AmenRa / ranx

⚡️A Blazing-Fast Python Library for Ranking Evaluation, Comparison, and Fusion 🐍
https://amenra.github.io/ranx
MIT License
427 stars 23 forks source link

[Feature Request] memory issue / make Run more efficient #48

Closed PaulLerner closed 1 year ago

PaulLerner commented 1 year ago

Hi Elias,

Is your feature request related to a problem? Please describe. I've noticed that Run (and I guess also Qrels) consume a lot of memory (RAM) compared to standard python dict, e.g. a few GB instead of a few 100s of MB. This gets problematic for somewhat large datasets (e.g. 1M queries)

Describe the solution you'd like I guess it's related to Numba representation? I've no clue on how to make it more efficient, sorry :)
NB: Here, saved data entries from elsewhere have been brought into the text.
definition contr :: "'a \<Rightarrow> ('a \<Rightarrow> 'a) \<Rightarrow> ('a \<Rightarrow> 'a)" where
  "contr F p = (\<lambda>x. if x = F then F else if x = inv p F then p F else p x)"

definition CA_adj :: "'a::{finite,field} \<Rightarrow> ('a \<Rightarrow> 'a) \<Rightarrow> ('a \<Rightarrow> 'a) \<Rightarrow> bool" where
  "CA_adj F p s \<longleftrightarrow> p \<in> AGL \<and> s \<in> AGL \<and> p \<noteq> s \<and>
      hd_dist (contr F p) (contr F s) = CARD('a) - 4"

definition isolated :: "('v \<Rightarrow> 'v \<Rightarrow> bool) \<Rightarrow> 'v \<Rightarrow> bool" where
  "isolated E v \<longleftrightarrow> (\<nexists>w. E v w)"

definition component :: "'v set \<Rightarrow> ('v \<Rightarrow> 'v \<Rightarrow> bool) \<Rightarrow> 'v \<Rightarrow> 'v set" where
  "component V E v = {w \<in> V. (\<lambda>x y. x \<in> V \<and> y \<in> V \<and> E x y)\<^sup>*\<^sup>* v w}"

definition is_cycle :: "('v \<Rightarrow> 'v \<Rightarrow> bool) \<Rightarrow> 'v set \<Rightarrow> nat \<Rightarrow> bool" where
  "is_cycle E C k \<longleftrightarrow> 3 \<le> k \<and> (\<exists>vs. distinct vs \<and> length vs = k \<and> set vs = C \<and>
     (\<forall>u\<in>C. \<forall>w\<in>C. E u w \<longleftrightarrow>
        (\<exists>i<k. (u = vs ! i \<and> w = vs ! ((i + 1) mod k)) \<or> (w = vs ! i \<and> u = vs ! ((i + 1) mod k)))))"

end

theory Submission
  imports Defs "HOL-Algebra.Sylow" "HOL-Number_Theory.Residues"
begin

text \<open>Write every p in AGL(1,q) in coordinates centred at F, p x = a (x - F) + F + b, so that
  p F = F + b. The contractions of p = (a,b) and s = (c,d) agree at F, and elsewhere only at the
  preimages of F under p and s and at no more than one further point, so hd = q - 4 forces all four.
  Solving them gives b \<noteq> 0, c = a r and d = b (1 + r) with r^2 + r + 1 = 0, so r is one of the two
  primitive cube roots of unity w, w^2, which exist because 3 divides q - 1. Hence p is isolated iff
  b = 0, i.e. p F = F, and otherwise its two neighbours are f p and f^-1 p for
  f (a,b) = (a w, b (1 + w)), since w^2 = w^-1 and 1 + w^2 = (1 + w)^-1. The component of p is
  therefore its f-orbit, a cycle whose length is the order of the pair (w, 1 + w) = (w, -w^2):
  6 if -1 \<noteq> 1 (q odd) and 3 if -1 = 1 (q even).\<close>

text \<open>Cauchy's theorem, as the case p^1 of Sylow's theorem.\<close>

lemma exists_elem_of_prime_order:
  assumes "group G" "finite (carrier G)" "prime p" "p dvd order G"
  shows "\<exists>x\<in>carrier G. x \<noteq> \<one>\<^bsub>G\<^esub> \<and> x [^]\<^bsub>G\<^esub> p = \<one>\<^bsub>G\<^esub>"
proof -
  obtain m where m: "order G = p ^ 1 * m" using assms(4) by auto
  obtain H where H: "subgroup H G" "card H = p"
    using sylow_thm[OF assms(3,1) m assms(2)] by auto
  interpret H: group "G\<lparr>carrier := H\<rparr>"
    using subgroup.subgroup_is_group[OF H(1) assms(1)] .
  have "H \<noteq> {\<one>\<^bsub>G\<^esub>}" using H(2) prime_gt_1_nat[OF assms(3)] by auto
  moreover have "\<one>\<^bsub>G\<^esub> \<in> H" using H(1) by (rule subgroup.one_closed)
  ultimately obtain x where x: "x \<in> H" "x \<noteq> \<one>\<^bsub>G\<^esub>" by blast
  have "x [^]\<^bsub>G\<lparr>carrier := H\<rparr>\<^esub> order (G\<lparr>carrier := H\<rparr>) = \<one>\<^bsub>G\<^esub>"
    using H.pow_order_eq_1[of x] x(1) by simp
  then have "x [^]\<^bsub>G\<^esub> p = \<one>\<^bsub>G\<^esub>"
    using H(2) by (simp add: order_def nat_pow_def)
  then show ?thesis using x subgroup.mem_carrier[OF H(1)] by blast
qed

definition add_group :: "'a::field monoid" where
  "add_group = \<lparr>carrier = UNIV, monoid.mult = (+), one = 0\<rparr>"

definition mult_group :: "'a::field monoid" where
  "mult_group = \<lparr>carrier = UNIV - {0}, monoid.mult = (*), one = 1\<rparr>"

lemma group_add_group: "group (add_group :: 'a::field monoid)"
  unfolding add_group_def by (rule groupI) (auto simp: add.assoc intro!: exI[where x="- _"])

lemma group_mult_group: "group (mult_group :: 'a::field monoid)"
  unfolding mult_group_def by (rule groupI) (auto simp: mult.assoc intro!: bexI[where x="inverse _"])

lemma add_group_pow: "x [^]\<^bsub>add_group\<^esub> n = of_nat n * x"
  by (induction n) (auto simp: add_group_def algebra_simps)

lemma mult_group_pow: "x [^]\<^bsub>mult_group\<^esub> n = x ^ n"
  by (induction n) (auto simp: mult_group_def)

lemma two_eq_zero_iff_even_card: "(2::'a::{finite,field}) = 0 \<longleftrightarrow> even CARD('a)"
proof
  assume "(2::'a) = 0"
  then have "CHAR('a) dvd 2" using of_nat_eq_0_iff_char_dvd[where 'a='a, of 2] by simp
  then have "CHAR('a) = 2" using CHAR_not_1' by (metis two_is_prime_nat prime_nat_iff One_nat_def)
  then show "even CARD('a)" using CHAR_dvd_CARD by metis
next
  assume "even CARD('a)"
  then have "\<exists>x\<in>carrier add_group. x \<noteq> \<one>\<^bsub>add_group\<^esub> \<and> x [^]\<^bsub>add_group\<^esub> (2::nat) = (\<one>\<^bsub>add_group\<^esub> :: 'a)"
    by (intro exists_elem_of_prime_order group_add_group) (auto simp: add_group_def order_def)
  then obtain x :: 'a where "x \<noteq> 0" "2 * x = 0"
    by (auto simp: add_group_pow) (auto simp: add_group_def)
  then show "(2::'a) = 0" by simp
qed

lemma exists_primitive_cube_root_of_unity:
  assumes "CARD('a::{finite,field}) mod 3 = 1"
  obtains w :: "'a::{finite,field}" where "w\<^sup>2 + w + 1 = 0" "w \<noteq> 1"
proof -
  have "\<exists>x\<in>carrier mult_group. x \<noteq> \<one>\<^bsub>mult_group\<^esub> \<and> x [^]\<^bsub>mult_group\<^esub> (3::nat) = (\<one>\<^bsub>mult_group\<^esub> :: 'a)"
    using assms
    by (intro exists_elem_of_prime_order group_mult_group)
       (auto simp: mult_group_def order_def card_Diff_singleton intro!: mod_eq_dvd_iff_nat[THEN iffD1])
  then obtain w :: 'a where w: "w \<noteq> 1" "w ^ 3 = 1"
    by (auto simp: mult_group_pow) (auto simp: mult_group_def)
  have "(w - 1) * (w\<^sup>2 + w + 1) = w ^ 3 - 1" by (simp add: algebra_simps power2_eq_square power3_eq_cube)
  with w have "w\<^sup>2 + w + 1 = 0" by simp
  then show thesis using w(1) by (rule that)
qed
Reproduce Just open your system monitor and see how the memory grows.

In [1]: import ranx
# this weighs only a few 100s of MB
In [2]: run_d = {str(i): {str(j): 0.0 for j in range(100)} for i in range(100000)}
# this grows to a few GB
In [3]: run_r = ranx.Run(run_d)

Best,

Paul

AmenRa commented 1 year ago

Dear Paul,

The issue is probably due to numba (I cannot do anything about that) and a forced conversion of the strings used as ids to numba.types.unicode_type that I introduced to avoid errors when I implemented the fusion algorithms.

I have tested a snippet similar to yours (I do not save the Python dict in memory) with and without the conversion. Memory usage went down from 2.42 GB to 1.59 GB (including ranx import). The Python dict alone is around 1.15 GB.

I'll try to remove the forced conversion without breaking the fusion algorithms and get back to you.

Thanks for pointing it out!

AmenRa commented 1 year ago

Fixed in v0.3.15.